Excerpts from a dataset
lemma dini_modulus_radial_integrable:
  fixes x :: "'a::euclidean_space"
  assumes "dini_modulus \<omega>"
  shows "integrable lebesgue
    (\<lambda>y. indicator (cball x (1/2)) y * (\<omega> (norm (y - x)) / norm (y - x) ^ DIM('a)))"
proof -
  have nonneg: "\<And>t. 0 \<le> t \<Longrightarrow> 0 \<le> \<omega> t"
    using assms unfolding dini_modulus_def by auto
  define N where "N = DIM('a)"
  define f where "f y = \<omega> (norm (y - x)) / norm (y - x) ^ N" for y
  define F where "F y = indicator (cball x (1/2)) y * f y" for y
  define A where "A k = {y. norm (y - x) \<in> dyadic_interval (Suc k)}" for k
  have f_meas: "f \<in> borel_measurable lborel"
    using dini_modulus_radial_measurable[OF assms] unfolding f_def[abs_def] by measurable
  have A_meas: "A k \<in> sets lborel" for k
    by (simp add: A_def dyadic_interval_def)
  have F_meas: "F \<in> borel_measurable lborel"
    unfolding F_def[abs_def] using f_meas by (intro borel_measurable_times borel_measurable_indicator) auto
  have F_nonneg: "0 \<le> F y" for y
    using nonneg by (simp add: F_def f_def indicator_def)
  have A_disj: "disjoint_family A"
    using disjoint_family_dyadic_interval unfolding disjoint_family_on_def A_def
    by (metis (no_types, lifting) Suc_inject disjoint_iff mem_Collect_eq UNIV_I)
  have F_le: "ennreal (F y) \<le> ennreal (f y) * indicator (\<Union>k. A k) y" for y
  proof (cases "y \<in> cball x (1/2) \<and> y \<noteq> x")
    case True
    then have "norm (y - x) \<in> {0<..1}"
      by (auto simp: dist_norm norm_minus_commute)
    then obtain m where m: "norm (y - x) \<in> dyadic_interval m"
      by (rule dyadic_interval_cover)
    moreover obtain k where "m = Suc k"
      using True m by (cases m) (auto simp: dyadic_interval_def dist_norm norm_minus_commute)
    ultimately have "y \<in> (\<Union>k. A k)" by (auto simp: A_def)
    then show ?thesis using True by (simp add: F_def)
  qed (auto simp: F_def f_def N_def zero_power[OF DIM_positive])
  have "(\<integral>\<^sup>+y. F y \<partial>lborel) \<le> (\<integral>\<^sup>+y\<in>(\<Union>k. A k). f y \<partial>lborel)"
    by (intro nn_integral_mono F_le)
  also have "\<dots> = (\<Sum>k. \<integral>\<^sup>+y\<in>A k. f y \<partial>lborel)"
    by (rule nn_integral_disjoint_family) (use A_disj A_meas f_meas in auto)
  also have "\<dots> \<le> (\<Sum>k. ennreal (unit_ball_vol N * 2^N) * ennreal (\<omega> ((1/2)^Suc k)))"
    using dini_modulus_shell_integral_le[OF assms, of x]
    by (intro suminf_le) (auto simp: A_def f_def N_def)
  also have "\<dots> < \<infinity>"
    using dini_modulus_dyadic_sum_finite[OF assms] by (simp add: ennreal_mult_less_top)
  finally have "integrable lborel F"
    using F_meas F_nonneg by (intro integrableI_nonneg) auto
  then have "integrable lebesgue F"
    using F_meas by (subst integrable_completion) auto
  then show ?thesis unfolding F_def f_def N_def .
qed

lemma lebesgue_measurable_translate:
  fixes k :: "'a::euclidean_space \<Rightarrow> real"
  assumes "k \<in> borel_measurable lebesgue"
  shows "(\<lambda>y. k (y - x)) \<in> borel_measurable lebesgue"
proof -
  have "(\<lambda>y. - x + (\<Sum>j\<in>Basis. (1 * (y \<bullet> j)) *\<^sub>R j)) \<in> lebesgue \<rightarrow>\<^sub>M lebesgue"
    using lebesgue_affine_measurable[of "\<lambda>_. 1" "- x"] by simp
  then have "(\<lambda>y. y - x) \<in> lebesgue \<rightarrow>\<^sub>M lebesgue"
    by (simp add: euclidean_representation)
  then show ?thesis
    using assms by (rule measurable_compose)
qed

lemma L_K_integrand_bound:
  fixes x y :: "'a::euclidean_space"
  assumes "0 < r" and "r \<le> 1/2" and "0 \<le> C" and "\<bar>k (y - x)\<bar> \<le> C"
    and \<omega>_nonneg: "\<And>t. 0 \<le> t \<Longrightarrow> 0 \<le> \<omega> t"
    and modulus: "y \<in> cball x r \<Longrightarrow> \<bar>u x - u y\<bar> \<le> \<omega> (dist x y)"
  shows "\<bar>(u x - u y) / norm (y - x) ^ DIM('a) * k (y - x)\<bar>
    \<le> C * (indicator (cball x (1/2)) y * (\<omega> (norm (y - x)) / norm (y - x) ^ DIM('a)))
      + (\<bar>u x\<bar> + \<bar>u y\<bar>) * (C / r ^ DIM('a))"
    (is "_ \<le> ?near + ?far")
proof -
  define N where "N = DIM('a)"
  let ?\<rho> = "norm (y - x)"
  have "\<bar>(u x - u y) / ?\<rho>^N * k (y - x)\<bar> \<le> \<bar>u x - u y\<bar> / ?\<rho>^N * C"
    using assms(4) by (simp add: abs_mult divide_right_mono mult_left_mono)
  moreover have "0 \<le> ?near" "0 \<le> ?far"
    using \<omega>_nonneg \<open>0 \<le> C\<close> \<open>0 < r\<close> by (simp_all add: indicator_def)
  moreover have "\<bar>u x - u y\<bar> / ?\<rho>^N * C \<le> ?near + ?far"
  proof (cases "?\<rho> \<le> r")
    case True
    then have "\<bar>u x - u y\<bar> \<le> \<omega> ?\<rho>" "y \<in> cball x (1/2)"
      using modulus \<open>r \<le> 1/2\<close> by (auto simp: dist_norm norm_minus_commute)
    then have "\<bar>u x - u y\<bar> / ?\<rho>^N * C \<le> ?near"
      using \<open>0 \<le> C\<close> by (simp add: N_def divide_right_mono mult.commute mult_left_mono)
    then show ?thesis using \<open>0 \<le> ?far\<close> by linarith
  next
    case False
    then have "\<bar>u x - u y\<bar> / ?\<rho>^N \<le> (\<bar>u x\<bar> + \<bar>u y\<bar>) / r^N"
      using \<open>0 < r\<close> by (auto intro!: frac_le power_mono)
    then have "\<bar>u x - u y\<bar> / ?\<rho>^N * C \<le> ?far"
      using mult_right_mono[OF _ \<open>0 \<le> C\<close>] by (fastforce simp: N_def)
    then show ?thesis using \<open>0 \<le> ?near\<close> by linarith
  qed
  ultimately show ?thesis
    unfolding N_def by linarith
qed

lemma L_K_integrand_integrable:
  fixes x :: "'a::euclidean_space" and u k :: "'a \<Rightarrow> real"
  assumes "0 < \<delta>" and dini: "dini_modulus \<omega>"
    and modulus: "\<And>y. y \<in> cball x \<delta> \<Longrightarrow> \<bar>u x - u y\<bar> \<le> \<omega> (dist x y)"
    and u_int: "set_integrable lebesgue (ball x 1) u"
    and k_meas: "k \<in> borel_measurable lebesgue"
    and k_bound: "\<And>z. z \<in> ball 0 1 \<Longrightarrow> \<bar>k z\<bar> \<le> C"
  shows "set_integrable lebesgue (ball x 1)
    (\<lambda>y. (u x - u y) / norm (y - x) ^ DIM('a) * k (y - x))"
proof -
  define N where "N = DIM('a)"
  define B where "B = ball x (1::real)"
  define r where "r = min \<delta> (1/2)"
  have r: "0 < r" "r \<le> \<delta>" "r \<le> 1/2"
    using \<open>0 < \<delta>\<close> by (auto simp: r_def)
  have "0 \<le> C"
    using k_bound[of 0] by simp
  have \<omega>_nonneg: "\<And>t. 0 \<le> t \<Longrightarrow> 0 \<le> \<omega> t"
    using dini unfolding dini_modulus_def by auto
  define g where "g y = indicator B y * ((u x - u y) / norm (y - x) ^ N * k (y - x))" for y
  define h where "h y = C * (indicator (cball x (1/2)) y * (\<omega> (norm (y - x)) / norm (y - x) ^ N))
      + indicator B y * (\<bar>u x\<bar> + \<bar>u y\<bar>) * (C / r^N)" for y
  have [measurable]: "(\<lambda>y. indicator B y * u y) \<in> borel_measurable lebesgue"
    using u_int by (auto simp: set_integrable_def B_def)
  have [measurable]: "(\<lambda>y. k (y - x)) \<in> borel_measurable lebesgue"
    by (rule lebesgue_measurable_translate[OF k_meas])
  have [measurable]: "(\<lambda>y. norm (y - x)) \<in> borel_measurable lebesgue"
    by (rule measurable_completion) measurable
  have [measurable]: "B \<in> sets lebesgue"
    by (simp add: B_def)
  have "g = (\<lambda>y. (indicator B y * u x - indicator B y * u y) / norm (y - x) ^ N * k (y - x))"
    by (auto simp: g_def[abs_def] indicator_def)
  then have g_meas: "g \<in> borel_measurable lebesgue"
    by simp
  have "integrable lebesgue h"
  proof -
    have "integrable lebesgue (\<lambda>y. indicator B y * \<bar>u y\<bar>)"
      using set_integrable_abs[OF u_int] by (simp add: set_integrable_def B_def)
    moreover have "emeasure lebesgue B < \<infinity>"
      using emeasure_lborel_ball_finite[of x 1] by (simp add: B_def)
    then have "integrable lebesgue (\<lambda>y. indicator B y * \<bar>u x\<bar>)"
      by (intro integrable_mult_left integrable_indicator) auto
    ultimately have "integrable lebesgue (\<lambda>y. indicator B y * (\<bar>u x\<bar> + \<bar>u y\<bar>))"
      unfolding distrib_left by (rule Bochner_Integration.integrable_add[rotated])
    then show ?thesis
      unfolding h_def[abs_def] N_def using dini_modulus_radial_integrable[OF dini]
      by (intro Bochner_Integration.integrable_add integrable_mult_right integrable_mult_left) auto
  qed
  moreover have "norm (g y) \<le> norm (h y)" for y
  proof (cases "y \<in> B")
    case True
    then have "\<bar>k (y - x)\<bar> \<le> C"
      using k_bound[of "y - x"] by (simp add: B_def dist_norm norm_minus_commute)
    moreover have "y \<in> cball x r \<Longrightarrow> \<bar>u x - u y\<bar> \<le> \<omega> (dist x y)"
      using modulus[of y] r(2) by auto
    ultimately have "\<bar>g y\<bar> \<le> h y"
      using L_K_integrand_bound[where x = x and y = y and k = k and u = u and \<omega> = \<omega>,
          OF r(1,3) \<open>0 \<le> C\<close> _ \<omega>_nonneg] True
      by (simp add: g_def h_def N_def)
    then show ?thesis by simp
  qed (simp add: g_def)
  ultimately have "integrable lebesgue g"
    by (intro Bochner_Integration.integrable_bound[OF _ g_meas] AE_I2)
  then show ?thesis
    by (simp add: set_integrable_def g_def[abs_def] B_def N_def)
qed
lemma transp_on_omega_le: "transp_on (Omega I \<mu>) (omega_le I \<mu>)"
proof (rule transp_onI)
  fix X Y Z assume XYZ: "X \<in> Omega I \<mu>" "Y \<in> Omega I \<mu>" "Z \<in> Omega I \<mu>"
    and le: "omega_le I \<mu> X Y" "omega_le I \<mu> Y Z"
  obtain S T U where STU: "S \<in> X" "T \<in> Y" "U \<in> Z"
    using XYZ by (meson Omega_nonempty)
  have "embeds I \<mu> S T"
    using le(1) omega_le_iff[OF XYZ(1,2) STU(1,2)] by blast
  moreover have "embeds I \<mu> T U"
    using le(2) omega_le_iff[OF XYZ(2,3) STU(2,3)] by blast
  ultimately show "omega_le I \<mu> X Z"
    using omega_le_iff[OF XYZ(1,3) STU(1,3)] embeds_trans by blast
qed

lemma is_ideal_eq_ideal_in: "is_ideal I \<mu> = ideal_in (Omega I \<mu>) (omega_le I \<mu>)"
  by (simp add: fun_eq_iff is_ideal_def ideal_in_def)

definition substructure :: "'i struc \<Rightarrow> nat set \<Rightarrow> 'i struc" where
  "substructure S B = (B, \<lambda>i. {xs\<in>snd S i. set xs \<subseteq> B})"

definition relabel :: "(nat \<Rightarrow> nat) \<Rightarrow> 'i struc \<Rightarrow> 'i struc" where
  "relabel h S = (h ` fst S, \<lambda>i. map h ` snd S i)"

lemma wf_substructure:
  "wf_struc I \<mu> S \<Longrightarrow> B \<subseteq> fst S \<Longrightarrow> wf_struc I \<mu> (substructure S B)"
  unfolding wf_struc_def substructure_def by (auto intro: finite_subset)
lemma air_lam_double: "air_lam K D (2 * int i) = air_lamS K D (2*i+1)"
  using air_lam_of_nat[of K D "2*i"] by (simp del: air_lamS.simps)

lemma air_lam_double_add_one: "air_lam K D (2 * int i + 1) = air_lamS K D (2*i+2)"
  using air_lam_of_nat[of K D "2*i+1"] by (simp del: air_lamS.simps add: ac_simps)

lemma air_lam_double_add_two: "air_lam K D (2 * int i + 2) = air_lamS K D (2*i+3)"
  using air_lam_of_nat[of K D "2*i+2"] by (simp del: air_lamS.simps add: ac_simps numeral_eq_Suc)

lemma air_beta_eq: "air_beta K D n = air_lamS K D n div air_lamS K D (Suc n)"
  unfolding air_beta_def using air_lam_diff_one air_lam_of_nat by (simp del: air_lamS.simps)

lemma air_lamS_Suc_Suc_le: "air_lamS K D (Suc (Suc n)) \<le> air_lamS K D (Suc n)"
  by (cases "air_lamS K D (Suc n) = 0") (auto intro: less_imp_le)

lemma air_lamS_antimono:
  assumes "1 \<le> n" "n \<le> m"
  shows "air_lamS K D m \<le> air_lamS K D n"
  using assms(2)
proof (induction m rule: dec_induct)
  case (step m)
  then obtain p where "m = Suc p" using assms(1) by (cases m) auto
  with step assms(1) show ?case using air_lamS_Suc_Suc_le[of K D p] by (cases p) auto
qed simp

lemma air_lamS_even_antimono: "i \<le> j \<Longrightarrow> air_lamS K D (2*j) \<le> air_lamS K D (2*i)"
proof (induction j rule: dec_induct)
  case (step j)
  have "air_lamS K D (2 * Suc j) \<le> air_lamS K D (2*j)" by simp
  with step show ?case by simp
qed simp

lemma air_lamS_Suc_le: "air_lamS K D (Suc n) \<le> D - n"
proof (induction n)
  case (Suc n)
  show ?case
  proof (cases "air_lamS K D (Suc n) = 0")
    case False
    then have "air_lamS K D (Suc (Suc n)) < air_lamS K D (Suc n)" by simp
    with Suc show ?thesis by linarith
  qed simp
qed simp

lemma air_lamS_euclid:
  "air_lamS K D (Suc n) > 0 \<Longrightarrow>
   air_lamS K D n = air_lamS K D n div air_lamS K D (Suc n) * air_lamS K D (Suc n) + air_lamS K D (Suc (Suc n))"
  by simp

lemma air_l_LEAST: "air_l K D = (LEAST i. air_lamS K D (i+2) = 0)"
proof -
  have "\<And>i. air_lam K D (int i + 1) = air_lamS K D (i+2)"
    using air_lam_of_nat[of K D "Suc _"] by (simp del: air_lamS.simps add: ac_simps)
  then show ?thesis unfolding air_l_def by (simp only:)
qed

lemma air_lamS_air_l:
  assumes "1 \<le> D"
  shows "air_lamS K D (air_l K D + 2) = 0" and "i < air_l K D \<Longrightarrow> air_lamS K D (i+2) \<noteq> 0"
proof -
  have "air_lamS K D ((D - 1) + 2) = 0"
    using air_lamS_Suc_le[of K D D] assms by (simp add: add.commute)
  then show "air_lamS K D (air_l K D + 2) = 0"
    unfolding air_l_LEAST by (rule LeastI[where P = "\<lambda>i. air_lamS K D (i+2) = 0"])
  show "i < air_l K D \<Longrightarrow> air_lamS K D (i+2) \<noteq> 0"
    unfolding air_l_LEAST by (rule not_less_Least)
qed

lemma air_lamS_pos:
  assumes "1 \<le> D" "D < K" "n \<le> air_l K D + 1"
  shows "air_lamS K D n > 0"
proof (cases "n < 2")
  case True then show ?thesis using assms by (cases n) auto
next
  case False
  then obtain p where "n = p + 2" by (metis add.commute le_Suc_ex not_less)
  with air_lamS_air_l(2)[OF assms(1), of p] assms(3) show ?thesis by simp
qed

lemma air_lamS_eq_0:
  assumes "1 \<le> D" "air_l K D + 2 \<le> n"
  shows "air_lamS K D n = 0"
  using assms(2)
proof (induction n rule: dec_induct)
  case base then show ?case using air_lamS_air_l(1)[OF assms(1)] .
next
  case (step n)
  then obtain p where "n = Suc p" using assms by (cases n) auto
  with step show ?case by simp
qed

declare air_lamS.simps(3)[simp del]

subsection \<open>The blocks of the AIR matrix\<close>

definition air_even_block :: "nat \<Rightarrow> nat \<Rightarrow> nat \<Rightarrow> nat \<Rightarrow> nat \<Rightarrow> bool" where
  "air_even_block K D k i j \<longleftrightarrow> K - air_lamS K D (2*i+1) \<le> j \<and> j < K
     \<and> K - D - air_lamS K D (2*i) \<le> k \<and> k < K - D - air_lamS K D (2*i+2)
     \<and> (k - (K - D - air_lamS K D (2*i))) mod air_lamS K D (2*i+1) = j - (K - air_lamS K D (2*i+1))"
theorem mainTheorem8:
  fixes N J :: nat and t x :: "nat \<Rightarrow> real" and a :: "real \<Rightarrow> real \<Rightarrow> real"
    and e1 e2 v d1 d2 :: "nat \<Rightarrow> nat \<Rightarrow> real"
  assumes N1: "N \<ge> 1" and J1: "J \<ge> 1"
    and t0: "t 0 = 0" and tmono: "\<And>n. n < N \<Longrightarrow> t n < t (Suc n)"
    and x0: "x 0 = 0" and xmono: "\<And>j. j < J \<Longrightarrow> x j < x (Suc j)"
    and a_nonneg: "\<And>z n. z \<in> {0..x J} \<Longrightarrow> n \<in> {1..N} \<Longrightarrow> a z (t n) \<ge> 0"
    and a_convex: "\<And>n. n \<in> {1..N} \<Longrightarrow> convex_on {0..x J} (\<lambda>z. a z (t n))"
    and feas: "LH_feasible N J t x a e1 e2 v d1 d2"
    and y: "\<And>n. n \<in> {1..N} \<Longrightarrow> y n \<in> {0..x J}"
    and rho: "\<rho> \<in> t ` {1..N}"
  shows "payoff_GT N J t x e1 e2 v d1 d2 y \<rho> \<ge> a (y (Nidx t \<rho>)) \<rho>"
proof -
  interpret increasing_knots x J using J1 xmono by unfold_locales
  obtain m where m: "m \<in> {1..N}" "\<rho> = t m" using rho by blast
  have "increasing_knots t N" using N1 tmono by unfold_locales
  then have Nidx_m: "Nidx t \<rho> = m" using Nidx_at_time m by blast
  have y_range: "n \<in> {1..N} \<Longrightarrow> x 0 \<le> y n \<and> y n \<le> x J" for n using y x0 by auto
  have claims_vanish: "e1 j N = 0" "e2 j 1 = 0" and v_above: "a (x j) (t m) \<le> v j m"
    if "j \<le> J" for j
    using feas that m(1) unfolding LH_feasible_def by blast+
  let ?lin = "\<lambda>h n. lin_interp x J (\<lambda>j. h j n) (y n)"
  have "a (y m) (t m) \<le> ?lin v m"
    using convex_on_le_lin_interp[OF x0 a_convex[OF m(1)] v_above y[OF m(1)]] .
  moreover have "?lin v m \<le> payoff_GT N J t x e1 e2 v d1 d2 y \<rho>"
    unfolding payoff_GT_def Nidx_m
  proof (rule telescoping_payoff_bound[where P = "?lin e1" and Q = "?lin e2" and V = "?lin v"],
      goal_cases)
    case (5 n)
    then show ?case
      using LH_feasible_gain_before_exercise[OF feas] y_range[of n] y_range[of "Suc n"] m by simp
  next
    case (6 n)
    then show ?case
      using LH_feasible_gain_after_exercise[OF feas] y_range[of n] y_range[of "Suc n"] m by simp
  qed (use m y_range[of N] y_range[of 1] claims_vanish in \<open>auto intro: lin_interp_vanishes\<close>)
  ultimately show ?thesis using m Nidx_m by simp
qed

end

### YOUR INSTRUCTIONS
The answer must be all the lines above that hold the word "fixes".

### EXERCISE RESULT
  fixes x :: "'a::euclidean_space"
  fixes k :: "'a::euclidean_space \<Rightarrow> real"
  fixes x y :: "'a::euclidean_space"
  fixes x :: "'a::euclidean_space" and u k :: "'a \<Rightarrow> real"
  fixes N J :: nat and t x :: "nat \<Rightarrow> real" and a :: "real \<Rightarrow> real \<Rightarrow> real"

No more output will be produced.